definition Qmat ::
  "(nat \<Rightarrow> 'n::finite option \<Rightarrow> real^'n) \<Rightarrow> (real^'n \<Rightarrow> real^'n)
   \<Rightarrow> (nat \<Rightarrow> real) \<Rightarrow> (nat \<Rightarrow> real) \<Rightarrow> (nat \<Rightarrow> 'n option \<Rightarrow> real)
   \<Rightarrow> (real^'n \<Rightarrow> real) \<Rightarrow> (nat \<Rightarrow> real^'n) \<Rightarrow> real \<Rightarrow> real
   \<Rightarrow> (real^'n \<Rightarrow> real) \<Rightarrow> (nat \<Rightarrow> real^'n) \<Rightarrow> real \<Rightarrow> real
   \<Rightarrow> nat \<Rightarrow> 'n option \<Rightarrow> real^3^3" where
  "Qmat x f \<beta> g c W l b2 u dW dl db2 du i j =
     (let \<phi> = f (x i j) \<bullet> (grad x W i + grad x dW i)
              + ones_dot (l i + dl i) * (\<beta> i * c i j + g i * u)
              + ones_dot (l i) * g i * du
      in vector [vector [\<phi> + b2 + db2, ones_dot (dl i), g i * du],
                 vector [ones_dot (dl i), -2, 0],
                 vector [g i * du, 0, -2]])"

definition feasible_delta ::
  "nat \<Rightarrow> (nat \<Rightarrow> 'n::finite option \<Rightarrow> real^'n) \<Rightarrow> nat set \<Rightarrow> (real^'n \<Rightarrow> real^'n)
   \<Rightarrow> (nat \<Rightarrow> real) \<Rightarrow> (nat \<Rightarrow> real) \<Rightarrow> (nat \<Rightarrow> 'n option \<Rightarrow> real)
   \<Rightarrow> (real^'n \<Rightarrow> real) \<Rightarrow> (nat \<Rightarrow> real^'n) \<Rightarrow> real \<Rightarrow> real
   \<Rightarrow> (real^'n \<Rightarrow> real) \<Rightarrow> (nat \<Rightarrow> real^'n) \<Rightarrow> real \<Rightarrow> real \<Rightarrow> bool" where
  "feasible_delta m x I1 f \<beta> g c W l b2 u dW dl db2 du \<longleftrightarrow>
     u + du > 0 \<and>
     (\<forall>y\<in>vertex_set m x. W y + dW y > 0) \<and>
     (\<forall>i\<in>{1..m}. \<forall>k. \<bar>(grad x W i + grad x dW i) $ k\<bar> \<le> (l i + dl i) $ k) \<and>
     (\<forall>i\<in>I1. \<forall>j. neg_semidef (Qmat x f \<beta> g c W l b2 u dW dl db2 du i j))"

end

theory Submission imports Defs begin

text \<open>The theorem is purely algebraic. Taking the Schur complement of the \<open>-2 I\<close> block,
  \<open>Q\<^sub>i\<^sub>,\<^sub>j \<preceq> 0\<close> is equivalent to \<open>\<phi>\<^sub>i\<^sub>,\<^sub>j + b\<^sub>2 + \<delta>b\<^sub>2 + (s\<^sup>2 + t\<^sup>2) / 2 \<le> 0\<close> with
  \<open>s = 1\<^sup>T \<delta>l\<^sub>i\<close> and \<open>t = g\<^sub>i \<delta>u\<close>. Since \<open>s t \<le> (s\<^sup>2 + t\<^sup>2) / 2\<close> and \<open>\<phi>\<^sub>i\<^sub>,\<^sub>j + s t\<close> is exactly the
  left-hand side of the decrease condition of (B) at \<open>y + \<delta>y\<close>, every feasible increment yields
  a feasible point of (B). Conversely \<open>\<delta>y = 0\<close> is feasible, so an optimal increment cannot
  increase the cost.\<close>

abbreviation arrow_matrix3 :: "real \<Rightarrow> real \<Rightarrow> real \<Rightarrow> real^3^3" where
  "arrow_matrix3 P s t \<equiv> vector [vector [P, s, t], vector [s, -2, 0], vector [t, 0, -2]]"

lemma arrow_matrix3_quadratic_form:
  "v \<bullet> (arrow_matrix3 P s t *v v)
     = (P + (s\<^sup>2 + t\<^sup>2) / 2) * (v$1)\<^sup>2 - 2 * (v$2 - s * v$1 / 2)\<^sup>2 - 2 * (v$3 - t * v$1 / 2)\<^sup>2"
  by (simp add: inner_vec_def matrix_vector_mult_def sum_3 power2_eq_square field_simps)

lemma neg_semidef_arrow_matrix3_iff:
  "neg_semidef (arrow_matrix3 P s t) \<longleftrightarrow> P + (s\<^sup>2 + t\<^sup>2) / 2 \<le> 0"
proof
  assume "neg_semidef (arrow_matrix3 P s t)"
  then have "vector [1, s / 2, t / 2] \<bullet> (arrow_matrix3 P s t *v vector [1, s / 2, t / 2]) \<le> 0"
    unfolding neg_semidef_def by blast
  then show "P + (s\<^sup>2 + t\<^sup>2) / 2 \<le> 0"
    unfolding arrow_matrix3_quadratic_form by simp
next
  assume "P + (s\<^sup>2 + t\<^sup>2) / 2 \<le> 0"
  then show "neg_semidef (arrow_matrix3 P s t)"
    unfolding neg_semidef_def arrow_matrix3_quadratic_form
    by (smt (verit) mult_nonpos_nonneg zero_le_power2)
qed

lemma neg_semidef_arrow_matrix3_imp:
  assumes "neg_semidef (arrow_matrix3 P s t)"
  shows "P + s * t \<le> 0"
proof -
  have "s * t \<le> (s\<^sup>2 + t\<^sup>2) / 2"
    using sum_squares_bound[of s t] by simp
  with assms show ?thesis
    unfolding neg_semidef_arrow_matrix3_iff by linarith
qed

lemma Wbar_add: "Wbar x (\<lambda>y. W y + dW y) i = Wbar x W i + Wbar x dW i"
  unfolding Wbar_def by (simp add: vec_eq_iff)

lemma grad_add: "grad x (\<lambda>y. W y + dW y) i = grad x W i + grad x dW i"
  unfolding grad_def Wbar_add by (simp add: matrix_vector_right_distrib)

lemma grad_zero [simp]: "grad x (\<lambda>y. 0) i = 0"
  unfolding grad_def Wbar_def by (simp add: vec_eq_iff matrix_vector_mult_def)

lemma ones_dot_add: "ones_dot (a + b) = ones_dot a + ones_dot b"
  unfolding ones_dot_def by (simp add: sum.distrib)

lemma ones_dot_zero [simp]: "ones_dot 0 = 0"
  unfolding ones_dot_def by simp

lemma feasible_B_add_if_feasible_delta:
  assumes "feasible_delta m x I1 f \<beta> g c W l b2 u dW dl db2 du"
  shows "feasible_B m x I1 f \<beta> g c (\<lambda>y. W y + dW y) (\<lambda>i. l i + dl i) (b2 + db2) (u + du)"
proof -
  have "f (x i j) \<bullet> (grad x W i + grad x dW i)
          + ones_dot (l i + dl i) * (\<beta> i * c i j + g i * (u + du)) \<le> - (b2 + db2)"
    if "i \<in> I1" for i j
  proof -
    have "neg_semidef (Qmat x f \<beta> g c W l b2 u dW dl db2 du i j)"
      using assms that unfolding feasible_delta_def by blast
    then have "f (x i j) \<bullet> (grad x W i + grad x dW i)
              + ones_dot (l i + dl i) * (\<beta> i * c i j + g i * u)
              + ones_dot (l i) * g i * du + b2 + db2 + ones_dot (dl i) * (g i * du) \<le> 0"
      unfolding Qmat_def Let_def by (rule neg_semidef_arrow_matrix3_imp)
    then show ?thesis
      by (simp add: ones_dot_add algebra_simps)
  qed
  with assms show ?thesis
    unfolding feasible_B_def feasible_delta_def grad_add by blast
qed

lemma feasible_delta_zero:
  assumes "feasible_B m x I1 f \<beta> g c W l b2 u"
  shows "feasible_delta m x I1 f \<beta> g c W l b2 u (\<lambda>y. 0) (\<lambda>i. 0) 0 0"
proof -
  have "neg_semidef (Qmat x f \<beta> g c W l b2 u (\<lambda>y. 0) (\<lambda>i. 0) 0 0 i j)" if "i \<in> I1" for i j
  proof -
    have "f (x i j) \<bullet> grad x W i + ones_dot (l i) * (\<beta> i * c i j + g i * u) \<le> - b2"
      using assms that unfolding feasible_B_def by blast
    then show ?thesis
      unfolding Qmat_def Let_def by (simp add: neg_semidef_arrow_matrix3_iff)
  qed
  with assms show ?thesis
    unfolding feasible_B_def feasible_delta_def by simp
qed

theorem theorem5:
  fixes \<Omega> A1 :: "(real^'n::finite) set"
    and m :: nat
    and x :: "nat \<Rightarrow> 'n option \<Rightarrow> real^'n"
    and f :: "real^'n \<Rightarrow> real^'n"
    and G :: "real^'n \<Rightarrow> real^'m::finite^'n"
    and I1 :: "nat set"
    and \<beta> g :: "nat \<Rightarrow> real"
    and c :: "nat \<Rightarrow> 'n option \<Rightarrow> real"
    and W :: "real^'n \<Rightarrow> real" and l :: "nat \<Rightarrow> real^'n" and b2 u :: real
    and J :: "(real^'n \<Rightarrow> real) \<Rightarrow> (nat \<Rightarrow> real^'n) \<Rightarrow> real \<Rightarrow> real \<Rightarrow> real"
    and dWs :: "real^'n \<Rightarrow> real" and dls :: "nat \<Rightarrow> real^'n" and db2s dus :: real
  assumes Omega: "compact \<Omega>" "connected (interior \<Omega>)" "0 \<in> interior \<Omega>"
      "closure (interior \<Omega>) = \<Omega>"
    and tri: "triangulation \<Omega> m x"
    and A1: "A1 \<subseteq> \<Omega>" "compact A1" "connected (interior A1)" "0 \<in> interior A1"
      "closure (interior A1) = A1"
      "frontier A1 \<subseteq> (\<Union>i\<in>{1..m}. frontier (simplex_of x i))"
    and I1_def: "I1 = {i\<in>{1..m}. \<not> simplex_of x i \<subseteq> A1}"
    and f_cont: "continuous_on \<Omega> f" and G_cont: "continuous_on \<Omega> G"
    and f_C2: "\<forall>i\<in>{1..m}. C2_on (simplex_of x i) f"
    and G_C2: "\<forall>i\<in>{1..m}. C2_on (simplex_of x i) G"
    and beta: "\<forall>i\<in>{1..m}. \<forall>Df D2f. C2_witness f (simplex_of x i) Df D2f \<longrightarrow>
       (\<forall>\<xi>\<in>simplex_of x i. \<forall>p q r.
          \<bar>blinfun_apply (blinfun_apply (D2f \<xi>) (axis q 1)) (axis r 1) $ p\<bar> \<le> \<beta> i)"
    and g_def: "\<forall>i\<in>{1..m}. g i = (SUP y\<in>simplex_of x i. inf_norm (G y))"
    and c_def: "\<forall>i\<in>{1..m}. \<forall>j. c i j = real CARD('n) / 2 * norm (x i j - x i None) *
       (Max (range (\<lambda>k. norm (x i (Some k) - x i None))) + norm (x i j - x i None))"
    and feasB: "feasible_B m x I1 f \<beta> g c W l b2 u"
  shows "(\<forall>dW dl db2 du. feasible_delta m x I1 f \<beta> g c W l b2 u dW dl db2 du \<longrightarrow>
            feasible_B m x I1 f \<beta> g c (\<lambda>y. W y + dW y) (\<lambda>i. l i + dl i) (b2 + db2) (u + du))
       \<and> ((feasible_delta m x I1 f \<beta> g c W l b2 u dWs dls db2s dus \<and>
           (\<forall>dW dl db2 du. feasible_delta m x I1 f \<beta> g c W l b2 u dW dl db2 du \<longrightarrow>
              J (\<lambda>y. W y + dWs y) (\<lambda>i. l i + dls i) (b2 + db2s) (u + dus)
                \<le> J (\<lambda>y. W y + dW y) (\<lambda>i. l i + dl i) (b2 + db2) (u + du)))
          \<longrightarrow> J (\<lambda>y. W y + dWs y) (\<lambda>i. l i + dls i) (b2 + db2s) (u + dus) \<le> J W l b2 u)"
proof (intro conjI allI impI)
  fix dW dl db2 du
  assume "feasible_delta m x I1 f \<beta> g c W l b2 u dW dl db2 du"
  then show "feasible_B m x I1 f \<beta> g c (\<lambda>y. W y + dW y) (\<lambda>i. l i + dl i) (b2 + db2) (u + du)"
    by (rule feasible_B_add_if_feasible_delta)
next
  assume "feasible_delta m x I1 f \<beta> g c W l b2 u dWs dls db2s dus \<and>
           (\<forall>dW dl db2 du. feasible_delta m x I1 f \<beta> g c W l b2 u dW dl db2 du \<longrightarrow>
              J (\<lambda>y. W y + dWs y) (\<lambda>i. l i + dls i) (b2 + db2s) (u + dus)
                \<le> J (\<lambda>y. W y + dW y) (\<lambda>i. l i + dl i) (b2 + db2) (u + du))"
  with feasible_delta_zero[OF feasB]
  show "J (\<lambda>y. W y + dWs y) (\<lambda>i. l i + dls i) (b2 + db2s) (u + dus) \<le> J W l b2 u"
    by fastforce
qed

end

+--

▶ _TASK BRIEF_:
Your answer should reproduce each line of the listing that holds the word "blast".

▶ _WRITTEN REPLY_:
    unfolding neg_semidef_def by blast
      using assms that unfolding feasible_delta_def by blast
    unfolding feasible_B_def feasible_delta_def grad_add by blast
      using assms that unfolding feasible_B_def by blast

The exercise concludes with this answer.